2) Cultural Training
Culture shock can be reduced greatly with a strong understanding of the new local culture. Understanding why people do what they do, or don’t do certain things can really help an expatriate manage the cultural differences playing out. It can help them feel an element of control when mixing with locals and give the an awareness of where they might need to adapt their behaviours to assimilate more effectively.
3) Find a Mentor
Expatriates can benefit greatly from finding a mentor from amongst people who have previously relocated to the intended host country. Discussing likely challenges and cultural differences either prior to departure or during the early stages of the assignment will be invaluable in helping to fully prepare the expatriate. Once in place, the mentor will play a key role in helping the expatriate to understand any areas of confusion as they arise or navigating potential logistical challenges.
4) Pack a Piece of Home
A simple but incredibly helpful preparation is also for expatriates to ensure they pack a number items such as photographs or other items of sentimental value to help retain a feeling of connectivity with those remaining at home. The simple act of placing them on view in the new home will create a feeling of connectedness.
5) Home Relationships
Mitigating home sickness and a sense of loss can be greatly achieved by scheduling a regular time to Skype or Facetime loved ones. Life is busy for most people, so agreeing a regular time to call is important.
6) Language Learning
Learning a language is a great way of building a connection with members of the local community or work place. Expats with the ability to speak the local language have a far easier time when on assignment. They are far more confident when getting about, fact finding and building a network, which all helps greatly to reduce the fear and apprehension often experienced by people with no understanding of the language. Even small phrases go a long way in helping to build confidence, so expatriates should take the time to learn as much of the language as possible before departure.

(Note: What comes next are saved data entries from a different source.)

(* Suppose $X\mid\theta\sim\mathrm{Poi}(\theta)$ and $\theta\sim G$, where $G$ is a probability measure on $[0,\infty)$ with $\mathbb E_G[\theta^4]\le M$ for some constant $M\ge1$. Let $\hat G$ be any (possibly unbounded) estimator of $G$, i.e., a random probability measure on $[0,\infty)$, independent of $(\theta,X)$. For a probability measure $\tilde G$ on $[0,\infty)$ let $f_{\tilde G}$ be the marginal pmf of $X$ induced by $\tilde G$ (i.e., $f_{\tilde G}(x)=\int e^{-\theta}\theta^x/x!\,d\tilde G(\theta)$) and $\hat\theta_{\tilde G}(x)=(x+1)f_{\tilde G}(x+1)/f_{\tilde G}(x)$. Suppose that for some $\kappa>0$, $\hat\theta_{\hat G}(x)\le x+\kappa$ for all $x\in\mathbb Z_+$ almost surely. Then for any $h>0$ with $G([0,h])>1/2$ and any $K\ge1$, $$\begin{aligned}\mathbb E_G\big[(\hat\theta_G(X)-\hat\theta_{\hat G}(X))^2\big]&\le\big(12(h^2+(K+\kappa)^2)+48(h+K+\kappa)K\big)\Big(\mathbb E_G\big[\mathfrak H^2(f_G,f_{\hat G})\big]+4G((h,\infty))\Big)\\&\quad+2\sqrt2\Big((2h+\kappa)^2+\sqrt{h+3h^2}\Big)\sqrt{\rho_K(G)}+2(1+6\sqrt{15})\sqrt{(\kappa^4+M)\,G((h,\infty))},\end{aligned}$$ where $\rho_K(G)=\mathbb P_G(X\ge K)$.
   Context: The squared Hellinger distance between pmfs on $\mathbb Z_+$ is $\mathfrak H^2(p,q)=\frac12\sum_{x=0}^\infty(\sqrt{p(x)}-\sqrt{q(x)})^2$. *)

theory Defs
  imports "HOL-Probability.Probability"
begin

definition pois_marg :: "real measure \<Rightarrow> nat \<Rightarrow> real" where
  "pois_marg G x = (\<integral>\<theta>. exp (- \<theta>) * \<theta> ^ x / fact x \<partial>G)"

text \<open>Bayes (Robbins) estimator; division by zero yields 0 (Isabelle convention).\<close>
definition pois_bayes :: "real measure \<Rightarrow> nat \<Rightarrow> real" where
  "pois_bayes G x = (real x + 1) * pois_marg G (x + 1) / pois_marg G x"

definition hellinger_sq :: "(nat \<Rightarrow> real) \<Rightarrow> (nat \<Rightarrow> real) \<Rightarrow> real" where
  "hellinger_sq p q = (1/2) * (\<Sum>x. (sqrt (p x) - sqrt (q x))^2)"

definition rho :: "real \<Rightarrow> real measure \<Rightarrow> real" where
  "rho K G = (\<Sum>x. if K \<le> real x then pois_marg G x else 0)"

end

theory Submission
  imports Defs
begin

text \<open>
  Split the mixing distribution \<open>G\<close> into its parts on \<open>[0, h]\<close> and \<open>(h, \<infinity>)\<close>, so that the
  marginal is \<open>f = F\<^sub>0 + F\<^sub>1\<close> and \<open>(x + 1) f (x + 1) = m\<^sub>0 x + m\<^sub>1 x\<close> with
  \<open>m\<^sub>i x = (x + 1) F\<^sub>i (x + 1)\<close>, while the estimated marginal \<open>g\<close> and its Bayes rule \<open>b\<close> satisfy
  \<open>(x + 1) g (x + 1) = b x * g x\<close>; below \<open>F\<^sub>i\<close> and \<open>m\<^sub>i\<close> are \<open>marg_moment G A 0\<close> and
  \<open>marg_moment G A 1\<close> for \<open>A = {..h}\<close> and \<open>A = {h<..}\<close>.  By Cauchy-Schwarz in the form
  \<open>(u + v)\<^sup>2 / (F\<^sub>0 + F\<^sub>1) \<le> u\<^sup>2 / F\<^sub>0 + v\<^sup>2 / F\<^sub>1\<close>, the regret at \<open>x\<close> is at most a bulk term
  \<open>(m\<^sub>0 - b F\<^sub>0)\<^sup>2 / F\<^sub>0\<close> plus a tail term \<open>(m\<^sub>1 - b F\<^sub>1)\<^sup>2 / F\<^sub>1\<close>.

  The tail terms add up to second moments of \<open>G\<close> on \<open>(h, \<infinity>)\<close>, which Cauchy-Schwarz and the
  fourth moment bound \<open>M\<close> control by \<open>sqrt (M G(h, \<infinity>))\<close>.  In the bulk \<open>m\<^sub>0 \<le> h F\<^sub>0\<close> and
  \<open>b x \<le> x + \<kappa>\<close>.  For \<open>x < K\<close> the bulk term is compared with squared differences of square roots
  of \<open>F\<^sub>0\<close> and \<open>g\<close> at \<open>x\<close> and \<open>x + 1\<close>, whose sum is at most \<open>8/3 H\<^sup>2(f, g) + 4 G(h, \<infinity>)\<close>.  For
  \<open>x \<ge> K\<close> it is at most \<open>(x + \<kappa> + h)\<^sup>2 F\<^sub>0 x\<close>, and Cauchy-Schwarz with the fourth central
  moment \<open>t + 3 t\<^sup>2\<close> of the Poisson distribution bounds the sum of these by a multiple of
  \<open>sqrt \<rho>\<^sub>K\<close>.  The bound holds for every realisation of \<open>Ghat\<close>; the expectation is taken last.
\<close>

section \<open>Elementary inequalities\<close>

lemma power2_add_le_weighted:
  fixes u v e :: real
  assumes "0 < e"
  shows "(u + v) ^ 2 \<le> (1 + e) * u ^ 2 + (1 + 1 / e) * v ^ 2"
proof -
  have "e * ((1 + e) * u ^ 2 + (1 + 1 / e) * v ^ 2 - (u + v) ^ 2) = (e * u - v) ^ 2"
    using assms by (simp add: field_simps power2_eq_square)
  then have "0 \<le> e * ((1 + e) * u ^ 2 + (1 + 1 / e) * v ^ 2 - (u + v) ^ 2)"
    by simp
  then show ?thesis
    using assms by (simp add: zero_le_mult_iff)
qed

lemma power4_add_le: "((u::real) + v) ^ 4 \<le> 8 * (u ^ 4 + v ^ 4)"
proof -
  have "(u + v) ^ 2 \<le> 2 * (u ^ 2 + v ^ 2)"
    using zero_le_square[of "u - v"] by (simp add: power2_eq_square algebra_simps)
  then have "((u + v) ^ 2) ^ 2 \<le> (2 * (u ^ 2 + v ^ 2)) ^ 2"
    by (intro power_mono) auto
  also have "\<dots> \<le> 8 * (u ^ 4 + v ^ 4)"
    using zero_le_square[of "u ^ 2 - v ^ 2"] by (simp add: power2_eq_square power4_eq_xxxx algebra_simps)
  finally show ?thesis by simp
qed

6) Understand the Environment
A great way of preparation for expatriates prior to relocation is to start keeping up to date with events and news taking place in the new host country as this will ensure a good foundation of understanding upon arrival. Coupled with other research, such as expatriate forums and English-speaking local news sites, expatriates are less likely to find the host location as confusing or frustrating.
7) Mix with the Locals
For those not living in a compound then building a network of local relationships goes a tremendous way in helping expatriates to integrate and to feel included and supported. It also helps build confidence and language skills.

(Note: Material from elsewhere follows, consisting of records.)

(* $\mathrm{ChrMem}(\mathrm{RL}) > 1$.
   Context: Let $\Omega=\mathbb{N}\times\{0,1\}$ with partial order $(n,a)\preceq(m,b)$ iff $(n,a)=(m,b)$ or $n<m$. Let $\mathbb{M}$ be the set of all functions $f\colon\Omega\to\Omega$ monotone w.r.t. $\preceq$. The Rope Ladder condition $\mathrm{RL}\subseteq\mathbb{M}^\omega$ (a winning condition over the color set $\mathbb{M}$) consists of all sequences $(f_1,f_2,\ldots)\in\mathbb{M}^\omega$ for which there is $(N,b)\in\Omega$ with $f_n\circ\cdots\circ f_1((0,0))\preceq(N,b)$ for all $n\ge1$. Arenas, strategies and memory: an arena over a color set $C$ is a tuple $\langle V_P, V_A, E\rangle$ of finite sets with $V_P\cap V_A=\varnothing$, $V=V_P\cup V_A\neq\varnothing$, $E\subseteq V\times C\times V$, every node having an outgoing edge. Paths are non-empty finite/infinite sequences of consecutive edges, plus $0$-length paths $\lambda_v$ at each node. A Protagonist's strategy maps each finite path ending in $V_P$ to an outgoing edge of its last node; consistency of paths with a strategy is defined in the usual way. $S$ is winning from $u$ w.r.t. $W\subseteq C^\omega$ if every infinite path consistent with $S$ from $u$ has color sequence in $W$; $S$ is optimal w.r.t. $W$ if there is no node from which some strategy wins w.r.t. $W$ but $S$ does not. A memory structure is $\langle M,m_{init},\delta\rangle$ with $M$ finite and $\delta\colon M\times E\to M$ (extended to finite edge sequences); it is chromatic if $\delta(m,e)$ depends only on $m$ and the color of $e$. A strategy is built on top of it if its choice after a finite path depends only on the last node and the memory state reached from $m_{init}$ on that path. $\mathrm{ChrMem}(W)$ is the least $k\in\mathbb{Z}^+$ such that every arena over $C$ admits a Protagonist's strategy built on top of a chromatic memory structure with $k$ states that is optimal w.r.t. $W$ ($+\infty$ if none exists). *)

theory Defs
  imports Main "HOL-Library.Extended_Nat"
begin

text \<open>Nodes and memory states are natural numbers (every finite arena / memory
structure is isomorphic to one of this form). An edge is a triple
(source, colour, target).\<close>

type_synonym 'c edge = "nat \<times> 'c \<times> nat"

definition src :: "'c edge \<Rightarrow> nat" where "src e = fst e"
definition col :: "'c edge \<Rightarrow> 'c" where "col e = fst (snd e)"
definition tgt :: "'c edge \<Rightarrow> nat" where "tgt e = snd (snd e)"

definition arena :: "'c set \<Rightarrow> nat set \<Rightarrow> nat set \<Rightarrow> 'c edge set \<Rightarrow> bool" where
  "arena C VP VA E \<longleftrightarrow> finite VP \<and> finite VA \<and> finite E \<and> VP \<inter> VA = {} \<and>
     VP \<union> VA \<noteq> {} \<and> E \<subseteq> (VP \<union> VA) \<times> C \<times> (VP \<union> VA) \<and>
     (\<forall>v \<in> VP \<union> VA. \<exists>e \<in> E. src e = v)"

text \<open>A finite path is given by its start node u and its list of edges
(the empty list is the 0-length path at u).\<close>
definition fpath :: "nat set \<Rightarrow> 'c edge set \<Rightarrow> nat \<Rightarrow> 'c edge list \<Rightarrow> bool" where
  "fpath V E u es \<longleftrightarrow> u \<in> V \<and> set es \<subseteq> E \<and> (es \<noteq> [] \<longrightarrow> src (hd es) = u) \<and>
     (\<forall>i. Suc i < length es \<longrightarrow> tgt (es ! i) = src (es ! Suc i))"

definition lastnode :: "nat \<Rightarrow> 'c edge list \<Rightarrow> nat" where
  "lastnode u es = (if es = [] then u else tgt (last es))"

definition ipath :: "'c edge set \<Rightarrow> nat \<Rightarrow> (nat \<Rightarrow> 'c edge) \<Rightarrow> bool" where
  "ipath E u \<rho> \<longleftrightarrow> (\<forall>n. \<rho> n \<in> E) \<and> src (\<rho> 0) = u \<and> (\<forall>n. tgt (\<rho> n) = src (\<rho> (Suc n)))"

definition prefix :: "(nat \<Rightarrow> 'c edge) \<Rightarrow> nat \<Rightarrow> 'c edge list" where
  "prefix \<rho> n = map \<rho> [0..<n]"

definition strategy :: "nat set \<Rightarrow> nat set \<Rightarrow> 'c edge set \<Rightarrow> (nat \<Rightarrow> 'c edge list \<Rightarrow> 'c edge) \<Rightarrow> bool" where
  "strategy VP VA E S \<longleftrightarrow> (\<forall>u es. fpath (VP \<union> VA) E u es \<and> lastnode u es \<in> VP \<longrightarrow>
       S u es \<in> E \<and> src (S u es) = lastnode u es)"

definition consistent :: "nat set \<Rightarrow> (nat \<Rightarrow> 'c edge list \<Rightarrow> 'c edge) \<Rightarrow> nat \<Rightarrow> (nat \<Rightarrow> 'c edge) \<Rightarrow> bool" where
  "consistent VP S u \<rho> \<longleftrightarrow> (\<forall>n. lastnode u (prefix \<rho> n) \<in> VP \<longrightarrow> \<rho> n = S u (prefix \<rho> n))"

8) Be Aware of Symptoms of Culture Shock
Expatriates should also keep an awareness of culture shock in mind. If symptoms associated with cultural shock arise, such as feelings of stress or anxiety, then they should know to immediately discuss them with a significant other or their mentor.
9) Be Realistic
It will take time to adapt. It’s essential that expatriates appreciate the need to give themselves time in adapting to their new home and that they avoid rushing things or setting unrealistic expectations. They should also be confident in both making mistakes and using them as learning opportunities.
Anticipating the emotional roller-coaster that most expatriates experience during relocation assignments and ensuring there is time and space to adapt to the changes, undoubtedly leads to expatriates ‘coming out the other side’ and enjoying the excitement and opportunities inherent in their assignment.
After a period of time, the new culture becomes far less daunting or confusing and individuals start to embrace things with renewed energy and engagement.